## TASK TO CARRY OUT
Lines from the first one down to the one containing "define Q where" in the data below are the only ones needed; please return them exactly, both ends included.

(SOURCE DATA)

lemma degree_restrict_curve:
  assumes "\<forall>j\<le>n. degree (\<gamma> j) \<le> e"
  shows "degree (restrict_curve n d c \<gamma>) \<le> d * e"
  unfolding restrict_curve_def
proof (rule degree_sum_le[OF finite_monomials_of])
  fix \<alpha> assume \<alpha>: "\<alpha> \<in> monomials_of n d"
  have "degree (\<Prod>j\<le>n. \<gamma> j ^ \<alpha> j) \<le> (\<Sum>j\<le>n. degree (\<gamma> j ^ \<alpha> j))"
    using degree_prod_sum_le[of "{..n}" "\<lambda>j. \<gamma> j ^ \<alpha> j"] by (simp add: o_def)
  also have "\<dots> \<le> (\<Sum>j\<le>n. \<alpha> j * e)"
  proof (rule sum_mono)
    fix j assume "j \<in> {..n}"
    then have "degree (\<gamma> j) \<le> e" using assms by simp
    then show "degree (\<gamma> j ^ \<alpha> j) \<le> \<alpha> j * e"
      using degree_power_le[of "\<gamma> j" "\<alpha> j"] by (metis mult.commute mult_le_mono1 order_trans)
  qed
  also have "\<dots> = d * e" using \<alpha> by (simp add: monomials_of_def sum_distrib_right[symmetric])
  finally show "degree (smult (c \<alpha>) (\<Prod>j\<le>n. \<gamma> j ^ \<alpha> j)) \<le> d * e"
    using degree_smult_le le_trans by blast
qed

lemma smult_sum_right: "smult a (\<Sum>x\<in>A. f x) = (\<Sum>x\<in>A. smult a (f x))"
  by (induct A rule: infinite_finite_induct) (simp_all add: smult_add_right)

lemma pderiv_restrict_curve:
  assumes "homog_form n (Suc d) c"
  shows "pderiv (restrict_curve n (Suc d) c \<gamma>) = (\<Sum>j\<le>n. restrict_curve n d (partial_form j c) \<gamma> * pderiv (\<gamma> j))"
proof -
  define Q where "Q \<alpha> = (\<Prod>j\<le>n. \<gamma> j ^ \<alpha> j)" for \<alpha> :: "nat \<Rightarrow> nat"
  define R where "R j \<alpha> = (\<Prod>k\<in>{..n}-{j}. \<gamma> k ^ \<alpha> k) * \<gamma> j ^ (\<alpha> j - 1)" for j and \<alpha> :: "nat \<Rightarrow> nat"
  have pderiv_Q: "pderiv (Q \<alpha>) = (\<Sum>j\<le>n. smult (of_nat (\<alpha> j)) (R j \<alpha>) * pderiv (\<gamma> j))" for \<alpha>
    unfolding Q_def R_def pderiv_prod by (rule sum.cong[OF refl]) (simp add: pderiv_power algebra_simps)
  have R_Suc: "R j (\<alpha>(j := Suc (\<alpha> j))) = Q \<alpha>" if "j \<le> n" for j \<alpha>
  proof -
    have "Q \<alpha> = \<gamma> j ^ \<alpha> j * (\<Prod>k\<in>{..n}-{j}. \<gamma> k ^ \<alpha> k)"
      unfolding Q_def using that by (subst prod.remove[of _ j]) auto
    moreover have "(\<Prod>k\<in>{..n}-{j}. \<gamma> k ^ (\<alpha>(j := Suc (\<alpha> j))) k) = (\<Prod>k\<in>{..n}-{j}. \<gamma> k ^ \<alpha> k)"
      by (rule prod.cong) auto
    ultimately show ?thesis unfolding R_def by (simp add: mult.commute)
  qed
  have coeff_j: "(\<Sum>\<alpha>\<in>monomials_of n (Suc d). smult (c \<alpha> * of_nat (\<alpha> j)) (R j \<alpha>))
      = restrict_curve n d (partial_form j c) \<gamma>" if "j \<le> n" for j
  proof -
    have "(\<Sum>\<alpha>\<in>monomials_of n (Suc d). smult (c \<alpha> * of_nat (\<alpha> j)) (R j \<alpha>))
        = (\<Sum>\<alpha>\<in>monomials_of n (Suc d). if \<alpha> j \<noteq> 0 then smult (c \<alpha> * of_nat (\<alpha> j)) (R j \<alpha>) else 0)"
      by (rule sum.cong) auto
    also have "\<dots> = (\<Sum>\<alpha>\<in>monomials_of n d. smult (c (\<alpha>(j := Suc (\<alpha> j))) * of_nat (Suc (\<alpha> j))) (R j (\<alpha>(j := Suc (\<alpha> j)))))"
      unfolding sum.inter_filter[OF finite_monomials_of, symmetric]
      by (subst sum.reindex_bij_betw[OF bij_betw_monomials_of_Suc[OF that], symmetric]) simp
    also have "\<dots> = restrict_curve n d (partial_form j c) \<gamma>"
      unfolding restrict_curve_def partial_form_def Q_def[symmetric]
      by (rule sum.cong[OF refl]) (simp add: R_Suc[OF that] mult.commute)
    finally show ?thesis .
  qed
  have "pderiv (restrict_curve n (Suc d) c \<gamma>) =
      (\<Sum>\<alpha>\<in>monomials_of n (Suc d). \<Sum>j\<le>n. smult (c \<alpha> * of_nat (\<alpha> j)) (R j \<alpha>) * pderiv (\<gamma> j))"
    unfolding restrict_curve_def Q_def[symmetric] higher_pderiv_sum[of 1, simplified] pderiv_smult pderiv_Q
    by (simp add: smult_sum_right)
  also have "\<dots> = (\<Sum>j\<le>n. (\<Sum>\<alpha>\<in>monomials_of n (Suc d). smult (c \<alpha> * of_nat (\<alpha> j)) (R j \<alpha>)) * pderiv (\<gamma> j))"
    by (simp add: sum.swap[of _ "monomials_of n (Suc d)"] sum_distrib_right)
  finally show ?thesis by (simp add: coeff_j)
qed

(End SOURCE DATA)

## SOLUTION TO THIS PROBLEM
lemma degree_restrict_curve:
  assumes "\<forall>j\<le>n. degree (\<gamma> j) \<le> e"
  shows "degree (restrict_curve n d c \<gamma>) \<le> d * e"
  unfolding restrict_curve_def
proof (rule degree_sum_le[OF finite_monomials_of])
  fix \<alpha> assume \<alpha>: "\<alpha> \<in> monomials_of n d"
  have "degree (\<Prod>j\<le>n. \<gamma> j ^ \<alpha> j) \<le> (\<Sum>j\<le>n. degree (\<gamma> j ^ \<alpha> j))"
    using degree_prod_sum_le[of "{..n}" "\<lambda>j. \<gamma> j ^ \<alpha> j"] by (simp add: o_def)
  also have "\<dots> \<le> (\<Sum>j\<le>n. \<alpha> j * e)"
  proof (rule sum_mono)
    fix j assume "j \<in> {..n}"
    then have "degree (\<gamma> j) \<le> e" using assms by simp
    then show "degree (\<gamma> j ^ \<alpha> j) \<le> \<alpha> j * e"
      using degree_power_le[of "\<gamma> j" "\<alpha> j"] by (metis mult.commute mult_le_mono1 order_trans)
  qed
  also have "\<dots> = d * e" using \<alpha> by (simp add: monomials_of_def sum_distrib_right[symmetric])
  finally show "degree (smult (c \<alpha>) (\<Prod>j\<le>n. \<gamma> j ^ \<alpha> j)) \<le> d * e"
    using degree_smult_le le_trans by blast
qed

lemma smult_sum_right: "smult a (\<Sum>x\<in>A. f x) = (\<Sum>x\<in>A. smult a (f x))"
  by (induct A rule: infinite_finite_induct) (simp_all add: smult_add_right)

lemma pderiv_restrict_curve:
  assumes "homog_form n (Suc d) c"
  shows "pderiv (restrict_curve n (Suc d) c \<gamma>) = (\<Sum>j\<le>n. restrict_curve n d (partial_form j c) \<gamma> * pderiv (\<gamma> j))"
proof -
  define Q where "Q \<alpha> = (\<Prod>j\<le>n. \<gamma> j ^ \<alpha> j)" for \<alpha> :: "nat \<Rightarrow> nat"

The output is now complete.